Felicia threw her head back in disbelief. “Oh my god, ‘unnatural’!? What are you, an old-earther?”

“That’s you having a weird relation to the word ‘unnatural’, not me.” Cory looked at his own two teammates with a smile, but only got uncommitted ones in return.

Tianyi started to talk before Felicia got the chance. “Is contraceptives a good kind of unnatural to you?”

Cory looked at her with a mildly impatient smile. “Your point being?”

“Well, if you were banging a nice chick and the condom broke, or your pills didn’t work, and she got pregnant – would you insist on keeping the child? No options considered?”

“And with ‘option’ you mean ‘abortion’ I take it?”

“Among other things.”

“Of course I would insist on keeping the child. If I’m fine with having sex I should be fine with having a child. That’s the main purpose of it, after all.” He said the last sentence with a meaning look at Felicia.

“What?!” Tianyi burst out in pretended astonishment. “My life is a lie…!”

Matsuko and Mourad chuckled at her, but Felicia didn’t share their amusement. “So you think Malenka was selfish and irresponsible to have that abortion?”

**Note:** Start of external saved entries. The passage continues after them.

(* Let $n\ge 4$ with $n\equiv 3\pmod 6$, and let $G=P_4\cup P_{n-5}\cup K_1$ (disjoint union of a path on $4$ vertices, a path on $n-5$ vertices, and an isolated vertex). Then $\operatorname{rank}(A_G+I_n)=\operatorname{rank}(A_{\overline G}+I_n)=n$.
   Context: All graphs are simple. $P_m$ is the path on $m$ vertices, $K_1$ a single vertex, and $\cup$ denotes disjoint union of graphs. $A_G$ denotes the $n\times n$ adjacency matrix of $G$, $\overline{G}$ the complement of $G$, $I_n$ the identity matrix, and rank is over $\mathbb{R}$. *)

theory Defs
  imports Main "Jordan_Normal_Form.DL_Rank"
begin

text \<open>A simple graph on the vertex set {0..<m} is represented by its number of
vertices m together with a symmetric irreflexive adjacency relation.\<close>

type_synonym graph = "nat \<times> (nat \<Rightarrow> nat \<Rightarrow> bool)"

definition gverts :: "graph \<Rightarrow> nat" where "gverts G = fst G"
definition gadj :: "graph \<Rightarrow> nat \<Rightarrow> nat \<Rightarrow> bool" where "gadj G = snd G"

definition path_graph :: "nat \<Rightarrow> graph" where
  "path_graph m = (m, \<lambda>i j. i < m \<and> j < m \<and> (i + 1 = j \<or> j + 1 = i))"

definition K1 :: graph where "K1 = (1, \<lambda>i j. False)"

definition disj_union :: "graph \<Rightarrow> graph \<Rightarrow> graph" where
  "disj_union G H = (gverts G + gverts H,
     \<lambda>i j. (i < gverts G \<and> j < gverts G \<and> gadj G i j) \<or>
           (gverts G \<le> i \<and> gverts G \<le> j \<and> i < gverts G + gverts H \<and> j < gverts G + gverts H
            \<and> gadj H (i - gverts G) (j - gverts G)))"

definition complement :: "graph \<Rightarrow> graph" where
  "complement G = (gverts G, \<lambda>i j. i < gverts G \<and> j < gverts G \<and> i \<noteq> j \<and> \<not> gadj G i j)"

definition adj_mat :: "graph \<Rightarrow> real mat" where
  "adj_mat G = mat (gverts G) (gverts G) (\<lambda>(i, j). if gadj G i j then 1 else 0)"

definition real_rank :: "real mat \<Rightarrow> nat" where
  "real_rank A = vec_space.rank (dim_row A) A"

end

theory Submission
  imports Defs
begin

text \<open>On a path, the rows of A + c I form a three-term recurrence, so a kernel vector
satisfies v k = p_k v 0 and the last row forces p_m v 0 = 0. For c = 1 the sequence p
has period 3 (1, -1, 0), for c = 0 it runs 1, 0, -1, 0. Kernels of disjoint unions are
computed componentwise, so A_G + I is nonsingular because 4 and n - 5 are both 1 mod 3.
For the complement, A + I equals J - A_G: the row of the isolated vertex forces the
entries of a kernel vector to sum to 0, which leaves the rest of the vector in the kernel
of the adjacency matrix of P_4 and P_(n-5), trivial since both paths have even length.\<close>

lemma gverts_path_graph [simp]: "gverts (path_graph m) = m"
  and gadj_path_graph [simp]: "gadj (path_graph m) i j \<longleftrightarrow> i < m \<and> j < m \<and> (i + 1 = j \<or> j + 1 = i)"
  and gverts_K1 [simp]: "gverts K1 = 1"
  and gadj_K1 [simp]: "\<not> gadj K1 i j"
  and gverts_disj_union [simp]: "gverts (disj_union G H) = gverts G + gverts H"
  by (simp_all add: path_graph_def K1_def disj_union_def gverts_def gadj_def)

lemma gadj_disj_union:
  "gadj (disj_union G H) i j \<longleftrightarrow>
     (i < gverts G \<and> j < gverts G \<and> gadj G i j) \<or>
     (gverts G \<le> i \<and> gverts G \<le> j \<and> i < gverts G + gverts H \<and> j < gverts G + gverts H
      \<and> gadj H (i - gverts G) (j - gverts G))"
  by (simp add: disj_union_def gadj_def gverts_def)

definition nbr_sum :: "graph \<Rightarrow> (nat \<Rightarrow> real) \<Rightarrow> nat \<Rightarrow> real" where
  "nbr_sum G v i = (\<Sum>j\<in>{0..<gverts G}. if gadj G i j then v j else 0)"

definition adj_shift_injective :: "real \<Rightarrow> graph \<Rightarrow> bool" where
  "adj_shift_injective c G \<longleftrightarrow>
     (\<forall>v. (\<forall>i<gverts G. c * v i + nbr_sum G v i = 0) \<longrightarrow> (\<forall>i<gverts G. v i = 0))"

lemma adj_shift_injectiveI:
  assumes "\<And>v i. (\<And>i. i < gverts G \<Longrightarrow> c * v i + nbr_sum G v i = 0) \<Longrightarrow> i < gverts G \<Longrightarrow> v i = 0"
  shows "adj_shift_injective c G"
  using assms unfolding adj_shift_injective_def by blast

lemma adj_shift_injectiveD:
  "adj_shift_injective c G \<Longrightarrow> (\<And>i. i < gverts G \<Longrightarrow> c * v i + nbr_sum G v i = 0) \<Longrightarrow> i < gverts G \<Longrightarrow> v i = 0"
  unfolding adj_shift_injective_def by blast

lemma nbr_sum_disj_union_left:
  assumes "i < gverts G"
  shows "nbr_sum (disj_union G H) v i = nbr_sum G v i"
proof -
  let ?a = "gverts G" and ?b = "gverts H"
  have "nbr_sum (disj_union G H) v i =
      (\<Sum>j\<in>{0..<?a}. if gadj (disj_union G H) i j then v j else 0)
    + (\<Sum>j\<in>{?a..<?a + ?b}. if gadj (disj_union G H) i j then v j else 0)"
    unfolding nbr_sum_def by (simp add: sum.atLeastLessThan_concat)
  also have "\<dots> = nbr_sum G v i"
    using assms unfolding nbr_sum_def by (simp add: gadj_disj_union)
  finally show ?thesis .
qed

lemma nbr_sum_disj_union_right:
  assumes "i < gverts H"
  shows "nbr_sum (disj_union G H) v (gverts G + i) = nbr_sum H (\<lambda>j. v (gverts G + j)) i"
proof -
  let ?a = "gverts G" and ?b = "gverts H"
  have "nbr_sum (disj_union G H) v (?a + i) =
      (\<Sum>j\<in>{0..<?a}. if gadj (disj_union G H) (?a + i) j then v j else 0)
    + (\<Sum>j\<in>{0 + ?a..<?b + ?a}. if gadj (disj_union G H) (?a + i) j then v j else 0)"
    unfolding nbr_sum_def by (simp add: sum.atLeastLessThan_concat add.commute)
  also have "\<dots> = nbr_sum H (\<lambda>j. v (?a + j)) i"
    unfolding nbr_sum_def sum.shift_bounds_nat_ivl using assms
    by (auto simp: gadj_disj_union add.commute intro!: sum.cong)
  finally show ?thesis .
qed

lemma adj_shift_injective_disj_union:
  assumes G: "adj_shift_injective c G" and H: "adj_shift_injective c H"
  shows "adj_shift_injective c (disj_union G H)"
proof (rule adj_shift_injectiveI)
  fix v i
  assume eq: "\<And>i. i < gverts (disj_union G H) \<Longrightarrow> c * v i + nbr_sum (disj_union G H) v i = 0"
    and i: "i < gverts (disj_union G H)"
  show "v i = 0"
  proof (cases "i < gverts G")
    case True
    show ?thesis
    proof (rule adj_shift_injectiveD[OF G _ True])
      fix j assume "j < gverts G"
      then show "c * v j + nbr_sum G v j = 0"
        using eq[of j] nbr_sum_disj_union_left[of j G H v] by simp
    qed
  next
    case False
    then obtain k where k: "i = gverts G + k" "k < gverts H"
      using i by (metis add_less_cancel_left gverts_disj_union le_add_diff_inverse not_less)
    have "(\<lambda>j. v (gverts G + j)) k = 0"
    proof (rule adj_shift_injectiveD[OF H _ k(2)])
      fix j assume "j < gverts H"
      then show "c * v (gverts G + j) + nbr_sum H (\<lambda>j. v (gverts G + j)) j = 0"
        using eq[of "gverts G + j"] nbr_sum_disj_union_right[of j H G v] by simp
    qed
    then show ?thesis using k by simp
  qed
qed

lemma adj_shift_injective_K1: "c \<noteq> 0 \<Longrightarrow> adj_shift_injective c K1"
  by (rule adj_shift_injectiveI) (simp add: nbr_sum_def)

lemma nbr_sum_path_graph:
  assumes "i < m"
  shows "nbr_sum (path_graph m) v i = (if 0 < i then v (i - 1) else 0) + (if i + 1 < m then v (i + 1) else 0)"
proof -
  have "nbr_sum (path_graph m) v i =
      (\<Sum>j\<in>{0..<m}. (if j = i - 1 \<and> 0 < i then v j else 0) + (if j = i + 1 then v j else 0))"
    unfolding nbr_sum_def using assms by (intro sum.cong) auto
  also have "\<dots> = (if 0 < i then v (i - 1) else 0) + (if i + 1 < m then v (i + 1) else 0)"
    using assms by (simp add: sum.distrib sum.delta)
  finally show ?thesis .
qed

text \<open>path_kernel_seq c k = (-1)^k det (A_{P_k} + c I).\<close>

fun path_kernel_seq :: "real \<Rightarrow> nat \<Rightarrow> real" where
  "path_kernel_seq c 0 = 1"
| "path_kernel_seq c (Suc 0) = - c"
| "path_kernel_seq c (Suc (Suc k)) = - c * path_kernel_seq c (Suc k) - path_kernel_seq c k"

lemma path_kernel_vector:
  assumes eq: "\<And>i. i < m \<Longrightarrow> c * v i + nbr_sum (path_graph m) v i = 0"
  shows "k < m \<Longrightarrow> v k = path_kernel_seq c k * v 0"
proof (induction k rule: induct_nat_012)
  case 1
  then show ?case using eq[of 0] by (simp add: nbr_sum_path_graph)
next
  case (ge2 j)
  then have "v (Suc (Suc j)) = - c * v (Suc j) - v j"
    using eq[of "Suc j"] by (simp add: nbr_sum_path_graph)
  also have "\<dots> = path_kernel_seq c (Suc (Suc j)) * v 0"
    using ge2 by (simp add: algebra_simps)
  finally show ?case .
qed simp

lemma adj_shift_injective_path_graph:
  assumes "path_kernel_seq c m \<noteq> 0"
  shows "adj_shift_injective c (path_graph m)"
proof (rule adj_shift_injectiveI)
  fix v i
  assume "\<And>i. i < gverts (path_graph m) \<Longrightarrow> c * v i + nbr_sum (path_graph m) v i = 0"
    and "i < gverts (path_graph m)"
  then have eq: "\<And>i. i < m \<Longrightarrow> c * v i + nbr_sum (path_graph m) v i = 0" and i: "i < m"
    by simp_all
  note kernel = path_kernel_vector[OF eq]
  consider "m = Suc 0" | j where "m = Suc (Suc j)"
    using i by (cases m; cases "m - 1") auto
  then have "path_kernel_seq c m * v 0 = 0"
  proof cases
    case 1
    then show ?thesis using eq[of 0] by (simp add: nbr_sum_path_graph)
  next
    case (2 j)
    then have "c * v (Suc j) + v j = 0"
      using eq[of "Suc j"] by (simp add: nbr_sum_path_graph)
    then show ?thesis using 2 kernel[where k=j] kernel[where k="Suc j"] by (simp add: algebra_simps)
  qed
  then show "v i = 0" using assms i kernel[where k=i] by simp
qed

lemma path_kernel_seq_1:
  "path_kernel_seq 1 k = (if k mod 3 = 0 then 1 else if k mod 3 = 1 then -1 else 0)"
  by (induction "1::real" k rule: path_kernel_seq.induct) (auto simp: mod_Suc)

lemma path_kernel_seq_0:
  "path_kernel_seq 0 k = (if even k then (-1) ^ (k div 2) else 0)"
  by (induction "0::real" k rule: path_kernel_seq.induct) auto

lemma adj_shift_injective_1_path_graph:
  "m mod 3 \<noteq> 2 \<Longrightarrow> adj_shift_injective 1 (path_graph m)"
  by (rule adj_shift_injective_path_graph) (simp add: path_kernel_seq_1, presburger)

lemma adj_shift_injective_0_path_graph:
  "even m \<Longrightarrow> adj_shift_injective 0 (path_graph m)"
  by (rule adj_shift_injective_path_graph) (simp add: path_kernel_seq_0)

lemma gverts_complement [simp]: "gverts (complement G) = gverts G"
  by (simp add: complement_def gverts_def)

lemma adj_mat_plus_1_mult_vec_nth:
  assumes "v \<in> carrier_vec (gverts G)" "i < gverts G"
  shows "((adj_mat G + 1\<^sub>m (gverts G)) *\<^sub>v v) $ i = v $ i + nbr_sum G (($) v) i"
proof -
  have "((adj_mat G + 1\<^sub>m (gverts G)) *\<^sub>v v) $ i =
      (\<Sum>j\<in>{0..<gverts G}. ((if gadj G i j then 1 else 0) + (if j = i then 1 else 0)) * v $ j)"
    using assms by (simp add: adj_mat_def scalar_prod_def)
  also have "\<dots> = (\<Sum>j\<in>{0..<gverts G}. (if gadj G i j then v $ j else 0) + (if i = j then v $ j else 0))"
    by (intro sum.cong) (auto simp: distrib_right)
  finally show ?thesis
    using assms(2) by (simp add: sum.distrib nbr_sum_def)
qed

lemma complement_adj_mat_plus_1_mult_vec_nth:
  assumes "irreflp (gadj G)" "v \<in> carrier_vec (gverts G)" "i < gverts G"
  shows "((adj_mat (complement G) + 1\<^sub>m (gverts G)) *\<^sub>v v) $ i =
    (\<Sum>j\<in>{0..<gverts G}. v $ j) - nbr_sum G (($) v) i"
proof -
  have "((adj_mat (complement G) + 1\<^sub>m (gverts G)) *\<^sub>v v) $ i =
      (\<Sum>j\<in>{0..<gverts G}. v $ j - (if gadj G i j then v $ j else 0))"
    using assms
    by (auto simp: adj_mat_def scalar_prod_def complement_def gadj_def gverts_def irreflp_def
        intro!: sum.cong)
  then show ?thesis
    by (simp add: sum_subtractf nbr_sum_def)
qed

lemma real_rank_eq_if_kernel_trivial:
  fixes M :: "real mat"
  assumes "M \<in> carrier_mat n n"
    and "\<And>v. v \<in> carrier_vec n \<Longrightarrow> M *\<^sub>v v = 0\<^sub>v n \<Longrightarrow> v = 0\<^sub>v n"
  shows "real_rank M = n"
proof -
  have "det M \<noteq> 0"
    using det_0_iff_vec_prod_zero_field[OF assms(1)] assms(2) by blast
  then have "vec_space.rank n M = n"
    using vec_space.low_rank_det_zero[OF assms(1)] by blast
  then show ?thesis
    unfolding real_rank_def using assms(1) by simp
qed

lemma real_rank_adj_mat_plus_1:
  assumes "adj_shift_injective 1 G"
  shows "real_rank (adj_mat G + 1\<^sub>m (gverts G)) = gverts G"
proof (rule real_rank_eq_if_kernel_trivial)
  show "adj_mat G + 1\<^sub>m (gverts G) \<in> carrier_mat (gverts G) (gverts G)"
    by (simp add: adj_mat_def)
next
  fix v :: "real vec"
  assume v: "v \<in> carrier_vec (gverts G)"
    and kernel: "(adj_mat G + 1\<^sub>m (gverts G)) *\<^sub>v v = 0\<^sub>v (gverts G)"
  have "1 * v $ i + nbr_sum G (($) v) i = 0" if "i < gverts G" for i
    using arg_cong[OF kernel, of "\<lambda>w. w $ i"] adj_mat_plus_1_mult_vec_nth[OF v that] that
    by simp
  then show "v = 0\<^sub>v (gverts G)"
    using adj_shift_injectiveD[OF assms] v by (intro eq_vecI) auto
qed

lemma real_rank_complement_disj_union_K1:
  assumes "irreflp (gadj H)" and H: "adj_shift_injective 0 H"
  shows "real_rank (adj_mat (complement (disj_union H K1)) + 1\<^sub>m (gverts H + 1)) = gverts H + 1"
proof -
  let ?G = "disj_union H K1" and ?N = "gverts H"
  have "irreflp (gadj ?G)"
    using assms(1) by (simp add: irreflp_def gadj_disj_union)
  show ?thesis
  proof (rule real_rank_eq_if_kernel_trivial)
    show "adj_mat (complement ?G) + 1\<^sub>m (?N + 1) \<in> carrier_mat (?N + 1) (?N + 1)"
      by (simp add: adj_mat_def)
  next
    fix v :: "real vec"
    assume v: "v \<in> carrier_vec (?N + 1)"
      and kernel: "(adj_mat (complement ?G) + 1\<^sub>m (?N + 1)) *\<^sub>v v = 0\<^sub>v (?N + 1)"
    let ?f = "($) v"
    have eq: "(\<Sum>j\<in>{0..<?N + 1}. ?f j) = nbr_sum ?G ?f i" if "i \<le> ?N" for i
      using arg_cong[OF kernel, of "\<lambda>w. w $ i"] that v
        complement_adj_mat_plus_1_mult_vec_nth[OF \<open>irreflp (gadj ?G)\<close>, of v i]
      by simp
    have "nbr_sum ?G ?f ?N = 0" \<comment> \<open>the vertex of K1 is isolated\<close>
      using nbr_sum_disj_union_right[of 0 K1 H ?f] by (simp add: nbr_sum_def)
    then have sum_0: "(\<Sum>j\<in>{0..<?N + 1}. ?f j) = 0"
      using eq[of ?N] by simp
    have "0 * ?f i + nbr_sum H ?f i = 0" if "i < ?N" for i
      using eq[of i] sum_0 nbr_sum_disj_union_left[OF that] that by simp
    then have left: "?f i = 0" if "i < ?N" for i
      using adj_shift_injectiveD[OF H] that by blast
    then have "?f ?N = 0"
      using sum_0 by simp
    then show "v = 0\<^sub>v (?N + 1)"
      using left v by (intro eq_vecI) (auto simp: less_Suc_eq)
  qed
qed

theorem proposition5p8:
  fixes n :: nat
  assumes "n \<ge> 4" and "n mod 6 = 3"
  defines "G \<equiv> disj_union (disj_union (path_graph 4) (path_graph (n - 5))) K1"
  shows "real_rank (adj_mat G + 1\<^sub>m n) = n \<and> real_rank (adj_mat (complement G) + 1\<^sub>m n) = n"
proof -
  have "\<exists>r. n - 5 = 6 * r + 4"
    using assms(1,2) by presburger
  then obtain r where r: "n - 5 = 6 * r + 4" ..
  then have paths: "(n - 5) mod 3 = 1" "even (n - 5)"
    by presburger+
  define H where "H = disj_union (path_graph 4) (path_graph (n - 5))"
  have G: "G = disj_union H K1"
    unfolding G_def H_def ..
  have size: "gverts H + 1 = n" "gverts G = n"
    using r unfolding G H_def by simp_all
  have "adj_shift_injective 1 G"
    unfolding G_def using paths
    by (intro adj_shift_injective_disj_union adj_shift_injective_1_path_graph adj_shift_injective_K1) simp_all
  then have "real_rank (adj_mat G + 1\<^sub>m n) = n"
    using real_rank_adj_mat_plus_1 size(2) by metis
  moreover have "adj_shift_injective 0 H"
    unfolding H_def using paths
    by (intro adj_shift_injective_disj_union adj_shift_injective_0_path_graph) simp_all
  moreover have "irreflp (gadj H)"
    by (simp add: H_def irreflp_def gadj_disj_union)
  ultimately show ?thesis
    using real_rank_complement_disj_union_K1 size(1) unfolding G by metis
qed

end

“I’m not going to discuss Malenka’s abortion when she’s not around, Lissy”, Cory said.

“Okay okay”, Tiany intervened eagerly, “how about this: A guy rapes me, and I get pregnant. Should I keep the child?”

Cory gave her a look. “You’re being very hypothetical now.”

“And you aren’t with all this talk about preservation of the human species and all? Answer the question.”

Tianyi’s tone had gotten sharper now too. Haylen glanced at Matsuko and Mourand, but they had their eyes mostly set on their work just like himself.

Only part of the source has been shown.